Zhang Yu, Niu Tianhua, Liu Jun S
Department of Statistics, Harvard University, Cambridge, MA 02138, USA.
Am J Hum Genet. 2006 Aug;79(2):313-22. doi: 10.1086/506276. Epub 2006 Jun 28.
Haplotype inference from phase-ambiguous multilocus genotype data is an important task for both disease-gene mapping and studies of human evolution. We report a novel haplotype-inference method based on a coalescence-guided hierarchical Bayes model. In this model, a hierarchical structure is imposed on the prior haplotype frequency distributions to capture the similarities among modern-day haplotypes attributable to their common ancestry. As a consequence, the model both allows distinct haplotypes to have different a priori probabilities according to the inferred hierarchical ancestral structure and results in a proper joint posterior distribution for all the parameters of interest. A Markov chain-Monte Carlo scheme is designed to draw from this posterior distribution. By using coalescence-based simulation and empirically generated data sets (Whitehead Institute's inflammatory bowel disease data sets and HapMap data sets), we demonstrate the merits of the new method in comparison with HAPLOTYPER and PHASE, with or without the presence of recombination hotspots and missing genotypes.

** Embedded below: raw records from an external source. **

(* Let $k>1$, let $f$ be a positive function, differentiable on $[0,1]$, and define $g(R)=\dfrac{k-1}{\frac{k-1}{k}-R}$ for $R\neq\frac{k-1}{k}$. Consider the planar system $$\frac{dI}{d\tau}=I\,[f(R)(1-I-R)-k],\qquad \frac{dR}{d\tau}=(k-1)I-R,$$ and let $(I^*,R^* )$ be an endemic equilibrium of it such that $\frac{df}{dR}(R^* )\neq\frac{dg}{dR}(R^* )$. Then either $(I^*,R^* )$ is locally stable, or there exists another endemic equilibrium point $(\overline{I}^*,\overline{R}^* )$ with $\overline{R}^*>R^*$.
   Context: An endemic equilibrium is an equilibrium point $(I^*,R^* )$ of the system with $I^*>0$. "Locally stable" means locally asymptotically stable (both eigenvalues of the Jacobian at the point have negative real part). *)

theory Defs
  imports "HOL-Analysis.Analysis"
begin

definition rhsI :: "(real \<Rightarrow> real) \<Rightarrow> real \<Rightarrow> real \<Rightarrow> real \<Rightarrow> real" where
  "rhsI f k I R = I * (f R * (1 - I - R) - k)"

definition rhsR :: "real \<Rightarrow> real \<Rightarrow> real \<Rightarrow> real" where
  "rhsR k I R = (k - 1) * I - R"

definition gfun :: "real \<Rightarrow> real \<Rightarrow> real" where
  "gfun k R = (k - 1) / ((k - 1) / k - R)"

text \<open>Endemic equilibrium: an equilibrium with I > 0 (R in the domain [0,1] of f).\<close>
definition endemic_eq :: "(real \<Rightarrow> real) \<Rightarrow> real \<Rightarrow> real \<Rightarrow> real \<Rightarrow> bool" where
  "endemic_eq f k I R \<longleftrightarrow> R \<in> {0..1} \<and> I > 0 \<and> rhsI f k I R = 0 \<and> rhsR k I R = 0"

definition jac11 :: "(real \<Rightarrow> real) \<Rightarrow> real \<Rightarrow> real \<Rightarrow> real \<Rightarrow> real" where
  "jac11 f k I R = deriv (\<lambda>x. rhsI f k x R) I"
definition jac12 :: "(real \<Rightarrow> real) \<Rightarrow> real \<Rightarrow> real \<Rightarrow> real \<Rightarrow> real" where
  "jac12 f k I R = deriv (\<lambda>y. rhsI f k I y) R"
definition jac21 :: "real \<Rightarrow> real \<Rightarrow> real \<Rightarrow> real" where
  "jac21 k I R = deriv (\<lambda>x. rhsR k x R) I"
definition jac22 :: "real \<Rightarrow> real \<Rightarrow> real \<Rightarrow> real" where
  "jac22 k I R = deriv (\<lambda>y. rhsR k I y) R"

definition jac_eigenvalue :: "(real \<Rightarrow> real) \<Rightarrow> real \<Rightarrow> real \<Rightarrow> real \<Rightarrow> complex \<Rightarrow> bool" where
  "jac_eigenvalue f k I R \<mu> \<longleftrightarrow>
     (of_real (jac11 f k I R) - \<mu>) * (of_real (jac22 k I R) - \<mu>)
       - of_real (jac12 f k I R) * of_real (jac21 k I R) = 0"

definition locally_stable :: "(real \<Rightarrow> real) \<Rightarrow> real \<Rightarrow> real \<Rightarrow> real \<Rightarrow> bool" where
  "locally_stable f k I R \<longleftrightarrow> (\<forall>\<mu>. jac_eigenvalue f k I R \<mu> \<longrightarrow> Re \<mu> < 0)"

end

theory Submission
  imports Defs "HOL-Real_Asymp.Real_Asymp"
begin

text \<open>With \<open>c = (k - 1) / k\<close>, the equilibria with \<open>I > 0\<close> are exactly the points \<open>(R / (k - 1), R)\<close>
  where \<open>f\<close> meets \<open>g(R) = (k - 1) / (c - R)\<close>, and for positive \<open>f\<close> they lie in \<open>0 < R < c\<close>.
  At such a point the Jacobian has negative trace and its determinant has the sign of
  \<open>g'(R) - f'(R)\<close>. So if \<open>f' < g'\<close> both eigenvalues have negative real part. If \<open>f' > g'\<close>,
  then \<open>f - g\<close> vanishes at \<open>R\<close> and increases there, while \<open>g \<rightarrow> \<infinity>\<close> as \<open>R \<rightarrow> c\<close> and \<open>f\<close> is
  bounded, so \<open>f - g\<close> has a further zero in \<open>(R, c)\<close>.\<close>

lemma Re_root_neg_if_trace_neg_det_pos:
  fixes a b c d :: real and \<mu> :: complex
  assumes trace: "a + d < 0" and det: "a * d - b * c > 0"
    and root: "(of_real a - \<mu>) * (of_real d - \<mu>) - of_real b * of_real c = 0"
  shows "Re \<mu> < 0"
proof -
  obtain x y where \<mu>: "\<mu> = Complex x y" by (cases \<mu>)
  have "Re ((of_real a - \<mu>) * (of_real d - \<mu>) - of_real b * of_real c) = 0"
    using root by simp
  then have re: "x * x - (a + d) * x + (a * d - b * c) = y * y"
    by (simp add: \<mu> algebra_simps)
  have "Im ((of_real a - \<mu>) * (of_real d - \<mu>) - of_real b * of_real c) = 0"
    using root by simp
  then have im: "y * (2 * x - (a + d)) = 0"
    by (simp add: \<mu> algebra_simps)
  show ?thesis
  proof (cases "y = 0")
    case True
    have "x * x - (a + d) * x \<ge> 0" if "x \<ge> 0"
      using that trace mult_nonpos_nonneg[of "a + d" x] mult_nonneg_nonneg[of x x] by linarith
    then show ?thesis
      using re det True \<mu> by force
  next
    case False
    with im have "x = (a + d) / 2" by simp
    then show ?thesis using trace \<mu> by simp
  qed
qed

lemma exists_zero_right_of_upcrossing:
  fixes h :: "real \<Rightarrow> real"
  assumes "(h has_real_derivative D) (at a)" "D > 0" "h a = 0"
    and "a < b" "h b < 0" "continuous_on {a..b} h"
  shows "\<exists>x. a < x \<and> x < b \<and> h x = 0"
proof -
  obtain d where "d > 0" and inc: "\<And>e. e > 0 \<Longrightarrow> e < d \<Longrightarrow> h a < h (a + e)"
    using DERIV_pos_inc_right[OF assms(1,2)] by blast
  define e where "e = min (d / 2) ((b - a) / 2)"
  have "0 < e" "e < d" "e < b - a"
    using \<open>d > 0\<close> \<open>a < b\<close> by (simp_all add: e_def min_less_iff_disj)
  define a' where "a' = a + e"
  have a': "a < a'" "a' < b" "h a' > 0"
    using \<open>0 < e\<close> \<open>e < d\<close> \<open>e < b - a\<close> inc[of e] \<open>h a = 0\<close> by (auto simp: a'_def)
  have "continuous_on {a'..b} h"
    using assms(6) by (rule continuous_on_subset) (use a' in auto)
  then obtain x where "a' \<le> x" "x \<le> b" "h x = 0"
    using IVT2'[of h b 0 a'] a' \<open>h b < 0\<close> by auto
  moreover have "x \<noteq> b"
    using \<open>h x = 0\<close> \<open>h b < 0\<close> by auto
  ultimately have "a < x" "x < b" "h x = 0"
    using a' by auto
  then show ?thesis by blast
qed

lemma gfun_pos_iff:
  assumes "k > 1"
  shows "gfun k R > 0 \<longleftrightarrow> R < (k - 1) / k"
  using assms by (simp add: gfun_def zero_less_divide_iff)

lemma gfun_has_real_derivative:
  assumes "k \<noteq> 1" "R \<noteq> (k - 1) / k"
  shows "(gfun k has_real_derivative gfun k R ^ 2 / (k - 1)) (at R)"
proof -
  define u where "u = (k - 1) / k - R"
  have "u \<noteq> 0" using assms(2) by (simp add: u_def)
  have "(gfun k has_real_derivative (k - 1) / u ^ 2) (at R)"
    unfolding gfun_def[abs_def] u_def using assms(2)
    by (auto intro!: derivative_eq_intros simp: power2_eq_square)
  also have "(k - 1) / u ^ 2 = gfun k R ^ 2 / (k - 1)"
    using assms(1) \<open>u \<noteq> 0\<close> by (simp add: gfun_def u_def[symmetric] power_divide power2_eq_square)
  finally show ?thesis .
qed

lemma filterlim_gfun_at_left:
  assumes "k > 1"
  shows "filterlim (gfun k) at_top (at_left ((k - 1) / k))"
  using assms unfolding gfun_def by real_asymp

lemma endemic_eq_iff:
  assumes "k > 1"
  shows "endemic_eq f k I R \<longleftrightarrow>
    R \<in> {0..1} \<and> 0 < R \<and> R \<noteq> (k - 1) / k \<and> I = R / (k - 1) \<and> f R = gfun k R"
proof -
  have sum: "1 - R / (k - 1) - R = k * ((k - 1) / k - R) / (k - 1)"
    using assms by (simp add: field_simps)
  have cancel: "k / (k - 1) * y = k \<longleftrightarrow> y = k - 1" for y
  proof -
    have "k / (k - 1) * y = k \<longleftrightarrow> k * y = k * (k - 1)"
      using assms by (simp add: field_simps)
    also have "\<dots> \<longleftrightarrow> y = k - 1"
      using assms by simp
    finally show ?thesis .
  qed
  have "f R * (1 - R / (k - 1) - R) = k \<longleftrightarrow> f R * ((k - 1) / k - R) = k - 1"
    unfolding sum using cancel[of "f R * ((k - 1) / k - R)"] by (simp add: ac_simps)
  also have "\<dots> \<longleftrightarrow> R \<noteq> (k - 1) / k \<and> f R = gfun k R"
  proof (cases "R = (k - 1) / k")
    case False
    then have "(k - 1) / k - R \<noteq> 0" by simp
    then have "f R = gfun k R \<longleftrightarrow> f R * ((k - 1) / k - R) = k - 1"
      unfolding gfun_def by (rule nonzero_eq_divide_eq)
    with False show ?thesis by simp
  qed (use assms in simp)
  finally have equation: "f R * (1 - R / (k - 1) - R) = k \<longleftrightarrow> R \<noteq> (k - 1) / k \<and> f R = gfun k R" .
  have "(k - 1) * I - R = 0 \<longleftrightarrow> I = R / (k - 1)"
    using assms by (auto simp: field_simps)
  then show ?thesis
    unfolding endemic_eq_def rhsI_def rhsR_def using assms equation
    by (auto simp: zero_less_divide_iff zero_less_mult_iff)
qed

lemma endemic_eq_R_bounds:
  assumes "k > 1" "endemic_eq f k I R" "f R > 0"
  shows "0 < R" "R < (k - 1) / k"
proof -
  from assms(1,2) have "0 < R" "f R = gfun k R"
    by (auto simp: endemic_eq_iff)
  with assms(3) show "0 < R" "R < (k - 1) / k"
    using gfun_pos_iff[OF assms(1)] by auto
qed

lemma jac11_eq: "jac11 f k I R = f R * (1 - I - R) - k - I * f R"
  unfolding jac11_def rhsI_def
  by (rule DERIV_imp_deriv) (auto intro!: derivative_eq_intros simp: algebra_simps)

lemma jac12_eq:
  assumes "(f has_real_derivative D) (at R)"
  shows "jac12 f k I R = I * (D * (1 - I - R) - f R)"
  unfolding jac12_def rhsI_def
  by (rule DERIV_imp_deriv) (auto intro!: derivative_eq_intros assms simp: algebra_simps)

lemma jac21_eq: "jac21 k I R = k - 1"
  unfolding jac21_def rhsR_def
  by (rule DERIV_imp_deriv) (auto intro!: derivative_eq_intros)

lemma jac22_eq: "jac22 k I R = - 1"
  unfolding jac22_def rhsR_def
  by (rule DERIV_imp_deriv) (auto intro!: derivative_eq_intros)

lemma endemic_eq_locally_stable:
  assumes "k > 1" "endemic_eq f k I R" "f R > 0"
    and "f differentiable (at R)" "deriv f R < deriv (gfun k) R"
  shows "locally_stable f k I R"
proof -
  define D where "D = deriv f R"
  have fD: "(f has_real_derivative D) (at R)"
    using assms(4) unfolding D_def by (simp add: DERIV_deriv_iff_real_differentiable)
  from assms(2) have "I > 0" and balance: "f R * (1 - I - R) = k"
    by (auto simp: endemic_eq_def rhsI_def)
  from assms(1,2) have "R \<noteq> (k - 1) / k" and "f R = gfun k R"
    by (auto simp: endemic_eq_iff)
  then have "deriv (gfun k) R = f R ^ 2 / (k - 1)"
    using assms(1) by (simp add: DERIV_imp_deriv gfun_has_real_derivative)
  moreover have "(k - 1) * D < (k - 1) * deriv (gfun k) R"
    using assms(1,5) by (simp add: D_def)
  ultimately have "(k - 1) * D < f R ^ 2"
    using assms(1) by simp
  moreover have "1 - I - R > 0"
    using balance assms(1,3) zero_less_mult_pos[of "f R" "1 - I - R"] by simp
  ultimately have "(k - 1) * D * (1 - I - R) < f R ^ 2 * (1 - I - R)"
    by (rule mult_strict_right_mono)
  moreover have "f R ^ 2 * (1 - I - R) = k * f R"
    using balance by (metis mult.assoc mult.commute power2_eq_square)
  ultimately have "k * f R - (k - 1) * D * (1 - I - R) > 0"
    by linarith
  moreover have "jac11 f k I R * jac22 k I R - jac12 f k I R * jac21 k I R
      = I * (k * f R - (k - 1) * D * (1 - I - R))"
    unfolding jac11_eq jac12_eq[OF fD] jac21_eq jac22_eq balance by (simp add: algebra_simps)
  ultimately have det: "jac11 f k I R * jac22 k I R - jac12 f k I R * jac21 k I R > 0"
    using \<open>I > 0\<close> by simp
  have trace: "jac11 f k I R + jac22 k I R < 0"
    unfolding jac11_eq jac22_eq balance using mult_pos_pos[OF \<open>I > 0\<close> assms(3)] by simp
  show ?thesis
    unfolding locally_stable_def jac_eigenvalue_def
    using Re_root_neg_if_trace_neg_det_pos[OF trace det] by blast
qed

lemma endemic_eq_exists_right:
  assumes "k > 1" "\<forall>x\<in>{0..1}. f x > 0" "continuous_on {0..1} f" "endemic_eq f k I R"
    and "f differentiable (at R)" "deriv f R > deriv (gfun k) R"
  shows "\<exists>Ib Rb. endemic_eq f k Ib Rb \<and> Rb > R"
proof -
  define c where "c = (k - 1) / k"
  define h where "h x = f x - gfun k x" for x
  from assms(1,4) have "R \<in> {0..1}" "h R = 0"
    by (auto simp: endemic_eq_iff h_def)
  then have R: "0 < R" "R < c"
    using endemic_eq_R_bounds[OF assms(1,4)] assms(2) unfolding c_def by auto
  have "c < 1" using assms(1) by (simp add: c_def)
  have "(gfun k has_real_derivative gfun k R ^ 2 / (k - 1)) (at R)"
    using assms(1) \<open>R < c\<close> unfolding c_def by (simp add: gfun_has_real_derivative)
  then have gD: "(gfun k has_real_derivative deriv (gfun k) R) (at R)"
    by (simp add: DERIV_imp_deriv)
  have hD: "(h has_real_derivative deriv f R - deriv (gfun k) R) (at R)"
    unfolding h_def[abs_def] using assms(5) gD
    by (auto intro!: derivative_eq_intros simp: DERIV_deriv_iff_real_differentiable)
  have "bdd_above (f ` {0..1})"
    using compact_continuous_image[OF assms(3) compact_Icc]
    by (intro bounded_imp_bdd_above compact_imp_bounded)
  then obtain M where M: "\<forall>x\<in>{0..1}. f x \<le> M"
    by (auto simp: bdd_above_def)
  have "\<forall>\<^sub>F x in at_left c. M < gfun k x"
    using filterlim_gfun_at_left[OF assms(1)] unfolding c_def filterlim_at_top_dense by simp
  moreover have "\<forall>\<^sub>F x in at_left c. x \<in> {R<..<c}"
    using \<open>R < c\<close> by (rule eventually_at_left_real)
  ultimately have "\<forall>\<^sub>F x in at_left c. M < gfun k x \<and> x \<in> {R<..<c}"
    by (rule eventually_conj)
  then obtain b where b: "R < b" "b < c" "M < gfun k b"
    using eventually_happens'[OF trivial_limit_at_left_real] by auto
  have "f b \<le> M"
    using M b R \<open>c < 1\<close> by simp
  then have "h b < 0"
    using b by (simp add: h_def)
  have "continuous_on {R..b} (gfun k)"
    unfolding gfun_def[abs_def] using b unfolding c_def
    by (intro continuous_intros) auto
  moreover have "continuous_on {R..b} f"
    using assms(3) by (rule continuous_on_subset) (use R b \<open>c < 1\<close> in auto)
  ultimately have "continuous_on {R..b} h"
    unfolding h_def[abs_def] by (intro continuous_intros)
  then obtain Rb where "R < Rb" "Rb < b" "h Rb = 0"
    using exists_zero_right_of_upcrossing[OF hD _ \<open>h R = 0\<close> b(1) \<open>h b < 0\<close>] assms(6) by auto
  moreover have "Rb \<in> {0..1}" "Rb \<noteq> c"
    using R b \<open>c < 1\<close> \<open>R < Rb\<close> \<open>Rb < b\<close> by auto
  ultimately have "endemic_eq f k (Rb / (k - 1)) Rb"
    using assms(1) R by (simp add: endemic_eq_iff h_def c_def)
  with \<open>R < Rb\<close> show ?thesis by blast
qed

theorem proposition1:
  fixes f :: "real \<Rightarrow> real" and k Is Rs :: real
  assumes "k > 1"
    and "\<forall>x\<in>{0..1}. f x > 0"
    and "f differentiable_on {0..1}"
    and "endemic_eq f k Is Rs"
    and "deriv f Rs \<noteq> deriv (gfun k) Rs"
  shows "locally_stable f k Is Rs \<or>
         (\<exists>Ib Rb. endemic_eq f k Ib Rb \<and> Rb > Rs)"
proof -
  from assms(1,4) have "Rs \<in> {0..1}"
    by (simp add: endemic_eq_iff)
  with assms(2) have "f Rs > 0" by simp
  then have "0 < Rs" "Rs < (k - 1) / k"
    using endemic_eq_R_bounds[OF assms(1,4)] by auto
  moreover have "(k - 1) / k < 1"
    using assms(1) by simp
  ultimately have "Rs \<in> interior {0..1}"
    by simp
  then have "f differentiable (at Rs)"
    using assms(3) \<open>Rs \<in> {0..1}\<close>
    by (metis at_within_interior differentiable_on_def)
  moreover have "continuous_on {0..1} f"
    using assms(3) by (rule differentiable_imp_continuous_on)
  ultimately show ?thesis
    using assms(5) endemic_eq_locally_stable[OF assms(1,4) \<open>f Rs > 0\<close>]
      endemic_eq_exists_right[OF assms(1,2) _ assms(4)]
    by (meson linorder_neq_iff)
qed

end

从相位模糊的多位点基因型数据中推断单倍型,对于疾病基因定位和人类进化研究而言都是一项重要任务。我们报告了一种基于合并引导的分层贝叶斯模型的新型单倍型推断方法。在该模型中,先验单倍型频率分布上施加了一种分层结构,以捕捉现代单倍型因其共同祖先而具有的相似性。因此,该模型既允许不同的单倍型根据推断出的分层祖先结构具有不同的先验概率,又能为所有感兴趣的参数产生合适的联合后验分布。设计了一种马尔可夫链蒙特卡罗方案来从这个后验分布中抽样。通过使用基于合并的模拟和经验生成的数据集(怀特黑德研究所的炎症性肠病数据集和HapMap数据集),我们展示了新方法相对于HAPLOTYPER和PHASE的优点,无论是否存在重组热点和缺失基因型。